Killer robot campaign defector to 'embed ethics' in autonomous weapons

UNSW Canberra and University of Queensland to commence $9m, Defence-backed research

Pulling the trigger

The research is timely. Major defence forces, including the Australian Navy, have been using highly automated gun turrets in remote areas to fire at anything in their proximity for some years. But thanks to advances in AI, military forces are now looking to send autonomous weapons into situations where the potential casualty count is far higher.

Last month, the US Army posted on a federal government contracting site that it was seeking industry partners to help it “leverage recent advances in computer vision and artificial intelligence” and develop “autonomous target acquisition technology”.

The call comes as part of its ATLAS program – Advanced Targeting and Lethality Automated System – the army’s effort to use technology to “acquire, identify and engage targets at least three times faster” than human soldiers can.

The Australian Army plans to ramp up its use of robotics and autonomous systems in ground combat over the next decade, it revealed last year, to “augment soldiers performing dirty, dangerous and dull roles” and improve decision-making.

ATLAS officials, quoted in Breaking Defense this week, said the system would not be pulling the trigger, pointing to a US Department of Defense directive which ensures autonomous weapons systems allow human commanders to “exercise appropriate levels of human judgment over the use of force”.

The department last month released its AI strategy, stating it will soon “articulate its vision and guiding principles for AI ethics and safety in defense matters”.

“There will always be a human somewhere in the loop, it’s just a matter of where in that loop and how far from it. It’s not like the military is trying to replace soldiers or anything like that. The human is still going to be the ultimate moral and legal arbiter in warfare, nobody’s trying to change that,” Galliott says.

Execute any evil order

Galliott’s involvement in the project, and the project’s premise, has not gone down well with his former comrades at ICRAC and the CtSKR.

Mary Wareham from CtSKR and Human Rights Watch said the group was “shocked” by the announcement.

“[The DoD investment] implies the Australian government believes it is possible to program ethics and the laws of war into machines, despite the widespread view among AI experts that this will never be possible. That’s why I called the research effort ‘doomed’,” she says.

Galliott’s fellow UNSW academic, AI Professor Toby Walsh said he was “severely disappointed” in his university “that this amount of money is being thrown at this particular aspect of the problem”.

Between them, UNSW Canberra and University of Queensland are putting $3.5 million towards the research.

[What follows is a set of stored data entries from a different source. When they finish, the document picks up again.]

(* For every positive integer $d\ne 2$, $\mathrm{rc}(\lozenge_d) = d+1$.
   Context: $\lozenge_d = \{0,\pm e_1,\dots,\pm e_d\}\subseteq\mathbb{Z}^d$. $\mathrm{rc}(X)$ is the smallest number of facets of a polyhedron $P\subseteq\mathbb{R}^d$ with $P\cap\mathbb{Z}^d = X$. *)

theory Defs
  imports "HOL-Analysis.Analysis"
begin

definition int_points :: "(real ^ 'n) set" where
  "int_points = {x. \<forall>i. x $ i \<in> \<int>}"

definition diamond :: "(real ^ 'n) set" where
  "diamond = {0} \<union> {axis i 1 | i. True} \<union> {axis i (-1) | i. True}"

definition rc :: "(real ^ 'n) set \<Rightarrow> nat" where
  "rc X = (LEAST m. \<exists>P. polyhedron P \<and> P \<inter> int_points = X \<and> card {F. F facet_of P} = m)"

end

theory Submission
  imports Defs
begin

(*
  A polyhedron P with P \<inter> Z^d = \<diamond>_d contains \<diamond>_d, hence is full-dimensional
  and is cut out by at most as many halfspaces a_h x \<le> b_h as it has facets. If there were at
  most d of them, either their normals miss a direction v, and Dirichlet's simultaneous
  approximation yields a nonzero lattice point z close to the line R v, so that 2 z lies in P
  but not in \<diamond>_d; or the normals form a basis, and rounding a point w with a_h w = -K for a
  large K gives a lattice point of P violating the inequalities -b_h \<le> a_h x that the
  centrally symmetric set \<diamond>_d satisfies.

  For d = 1 and d = 3 explicit systems of 2 and 4 inequalities work. For d \<ge> 4
  take the d inequalities 2 x_j - \<Sigma> x \<le> 1 (j < d), each perturbed by a small cyclic term,
  together with \<Sigma> x \<le> 1. On lattice points the perturbation only breaks ties; a counting
  argument with the cyclic moments W_j = \<Sigma>_k ((k - j) mod d) x_k, which step by d x_j - \<Sigma> x
  along the cycle, shows that the only lattice solutions are 0 and \<plusminus>e_i.
*)

lemma card_facets_le_card_halfspaces:
  fixes P :: "'a::euclidean_space set"
  assumes "finite F0" and halfspaces: "\<And>h. h \<in> F0 \<Longrightarrow> \<exists>a b. a \<noteq> 0 \<and> h = {x. a \<bullet> x \<le> b}"
    and P: "P = \<Inter>F0" and full: "affine hull P = UNIV"
  shows "card {C. C facet_of P} \<le> card F0"
proof -
  obtain F where F: "F \<subseteq> F0" "\<Inter>F = P"
      and least: "\<And>F'. F' \<subseteq> F0 \<and> \<Inter>F' = P \<Longrightarrow> card F \<le> card F'"
    using ex_has_least_nat[of "\<lambda>F. F \<subseteq> F0 \<and> \<Inter>F = P" F0 card] P by blast
  have "finite F" using F(1) \<open>finite F0\<close> finite_subset by blast
  have "\<forall>h\<in>F. \<exists>a b. a \<noteq> 0 \<and> h = {x. a \<bullet> x \<le> b}" using halfspaces F(1) by blast
  then obtain a b where ab: "\<And>h. h \<in> F \<Longrightarrow> a h \<noteq> 0 \<and> h = {x. a h \<bullet> x \<le> b h}"
    by metis
  have minimal: "P \<subset> affine hull P \<inter> \<Inter>F'" if "F' \<subset> F" for F'
  proof -
    have "card F' < card F" using that \<open>finite F\<close> psubset_card_mono by blast
    then have "\<Inter>F' \<noteq> P" using that F(1) least[of F'] by auto
    then show ?thesis using that F(2) full Inter_anti_mono[of F' F] by auto
  qed
  have "{C. C facet_of P} = (\<lambda>h. P \<inter> {x. a h \<bullet> x = b h}) ` F"
    using facet_of_polyhedron_explicit[OF \<open>finite F\<close> _ ab minimal] F(2) full by auto
  then have "card {C. C facet_of P} \<le> card F" by (simp add: card_image_le \<open>finite F\<close>)
  also have "\<dots> \<le> card F0" using F(1) \<open>finite F0\<close> card_mono by blast
  finally show ?thesis .
qed

lemma exists_point_tight_at_single_constraint:
  fixes x y :: "'a::real_inner"
  assumes x: "\<And>h. h \<in> F \<Longrightarrow> a h \<bullet> x < b h"
    and y: "\<And>h. h \<in> F \<Longrightarrow> h \<noteq> h1 \<Longrightarrow> a h \<bullet> y \<le> b h"
    and "h1 \<in> F" and "b h1 < a h1 \<bullet> y"
  obtains w where "a h1 \<bullet> w = b h1" "\<And>h. h \<in> F \<Longrightarrow> h \<noteq> h1 \<Longrightarrow> a h \<bullet> w < b h"
proof
  define t where "t = (b h1 - a h1 \<bullet> x) / (a h1 \<bullet> y - a h1 \<bullet> x)"
  have t: "0 < t" "t < 1" using x[OF \<open>h1 \<in> F\<close>] \<open>b h1 < a h1 \<bullet> y\<close> by (simp_all add: t_def)
  define w where "w = x + t *\<^sub>R (y - x)"
  have inner_w: "a h \<bullet> w = (1 - t) * (a h \<bullet> x) + t * (a h \<bullet> y)" for h
    by (simp add: w_def inner_diff_right inner_add_right algebra_simps)
  have "a h1 \<bullet> x + t * (a h1 \<bullet> y - a h1 \<bullet> x) = b h1"
    using x[OF \<open>h1 \<in> F\<close>] \<open>b h1 < a h1 \<bullet> y\<close> by (simp add: t_def)
  then show "a h1 \<bullet> w = b h1" by (simp add: inner_w algebra_simps)
  show "a h \<bullet> w < b h" if "h \<in> F" "h \<noteq> h1" for h
  proof -
    have "(1 - t) * (a h \<bullet> x) < (1 - t) * b h"
      using x[OF that(1)] t by (intro mult_strict_left_mono) auto
    moreover have "t * (a h \<bullet> y) \<le> t * b h"
      using y[OF that] t by (intro mult_left_mono) auto
    ultimately show ?thesis unfolding inner_w by (simp add: algebra_simps)
  qed
qed

lemma inj_on_tight_sets_if_irredundant:
  fixes x0 :: "'a::real_inner"
  assumes mem_P: "\<And>x. x \<in> P \<longleftrightarrow> (\<forall>h\<in>H. a h \<bullet> x \<le> b h)"
    and irredundant: "\<And>h. h \<in> H \<Longrightarrow> \<exists>y. y \<notin> P \<and> (\<forall>h'\<in>H - {h}. a h' \<bullet> y \<le> b h')"
    and x0: "\<And>h. h \<in> H \<Longrightarrow> a h \<bullet> x0 < b h"
  shows "inj_on (\<lambda>h. P \<inter> {x. a h \<bullet> x = b h}) H"
proof
  fix h1 h2 assume "h1 \<in> H" "h2 \<in> H" and same: "P \<inter> {x. a h1 \<bullet> x = b h1} = P \<inter> {x. a h2 \<bullet> x = b h2}"
  show "h1 = h2"
  proof (rule ccontr)
    assume "h1 \<noteq> h2"
    obtain y where "y \<notin> P" and y: "\<And>h. h \<in> H \<Longrightarrow> h \<noteq> h1 \<Longrightarrow> a h \<bullet> y \<le> b h"
      using irredundant[OF \<open>h1 \<in> H\<close>] by blast
    then have "b h1 < a h1 \<bullet> y" using mem_P by (metis not_le)
    then obtain w where w: "a h1 \<bullet> w = b h1" "\<And>h. h \<in> H \<Longrightarrow> h \<noteq> h1 \<Longrightarrow> a h \<bullet> w < b h"
      using exists_point_tight_at_single_constraint[where x = x0 and y = y] x0 y \<open>h1 \<in> H\<close> by metis
    have "a h \<bullet> w \<le> b h" if "h \<in> H" for h
      using w(1) w(2)[OF that] by (cases "h = h1") auto
    then have "w \<in> P \<inter> {x. a h1 \<bullet> x = b h1}" using w(1) mem_P by blast
    then have "a h2 \<bullet> w = b h2" using same by blast
    with w(2)[OF \<open>h2 \<in> H\<close>] \<open>h1 \<noteq> h2\<close> show False by simp
  qed
qed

Walsh last year led 122 AI experts working in Australia in signing an open letter to then Prime Minister Malcolm Turnbull, calling on Australia to “take a firm global stand” against lethal autonomous weapons systems that remove “meaningful human control” when selecting targets and deploying lethal force.

British physicist Stephen Hawking, Apple co-founder Steve Wozniak, cognitive scientist Noam Chomsky, Tesla chief Elon Musk and Mustafa Suleyman, head of applied AI at Google’s DeepMind have all signed similar letters in recent years.

“There are arguments that [autonomous weapons] will change the character of war in a very bad way. [The weapons] will change the speed, accuracy and duration of warfare. And they will be the perfect weapons for terrorists. They would execute any order however evil it was. Target all Caucasians, or kill all children. Those are the things you could give a weapon like this and they would do it without question,” Walsh says.

"If you start building them they’ll turn up on the black market, and then we’ll be defending ourselves," Walsh adds.

Last year, Google CEO Sundar Pichai vowed that the company will not deploy artificial intelligence for use in deadly weapons following resignations and protests from staff over its involvement with the US Department of Defense’s Project Maven. Microsoft employees have also protested over the company’s involvement with Defense projects.

Among the public, an Ipsos poll from December last year found 59 per cent of Australians surveyed opposed the use lethal autonomous weapons systems, with 15 per cent in support.

Despite the opposition, Galliott is defiant.

“The backlash has been small, a very small subset of people who are absolute pacifist peaceniks,” he says. “It’s very easy to sit back and criticise and do nothing, sometimes the more beneficial or even courageous thing is to get involved…I’m doing the right thing.”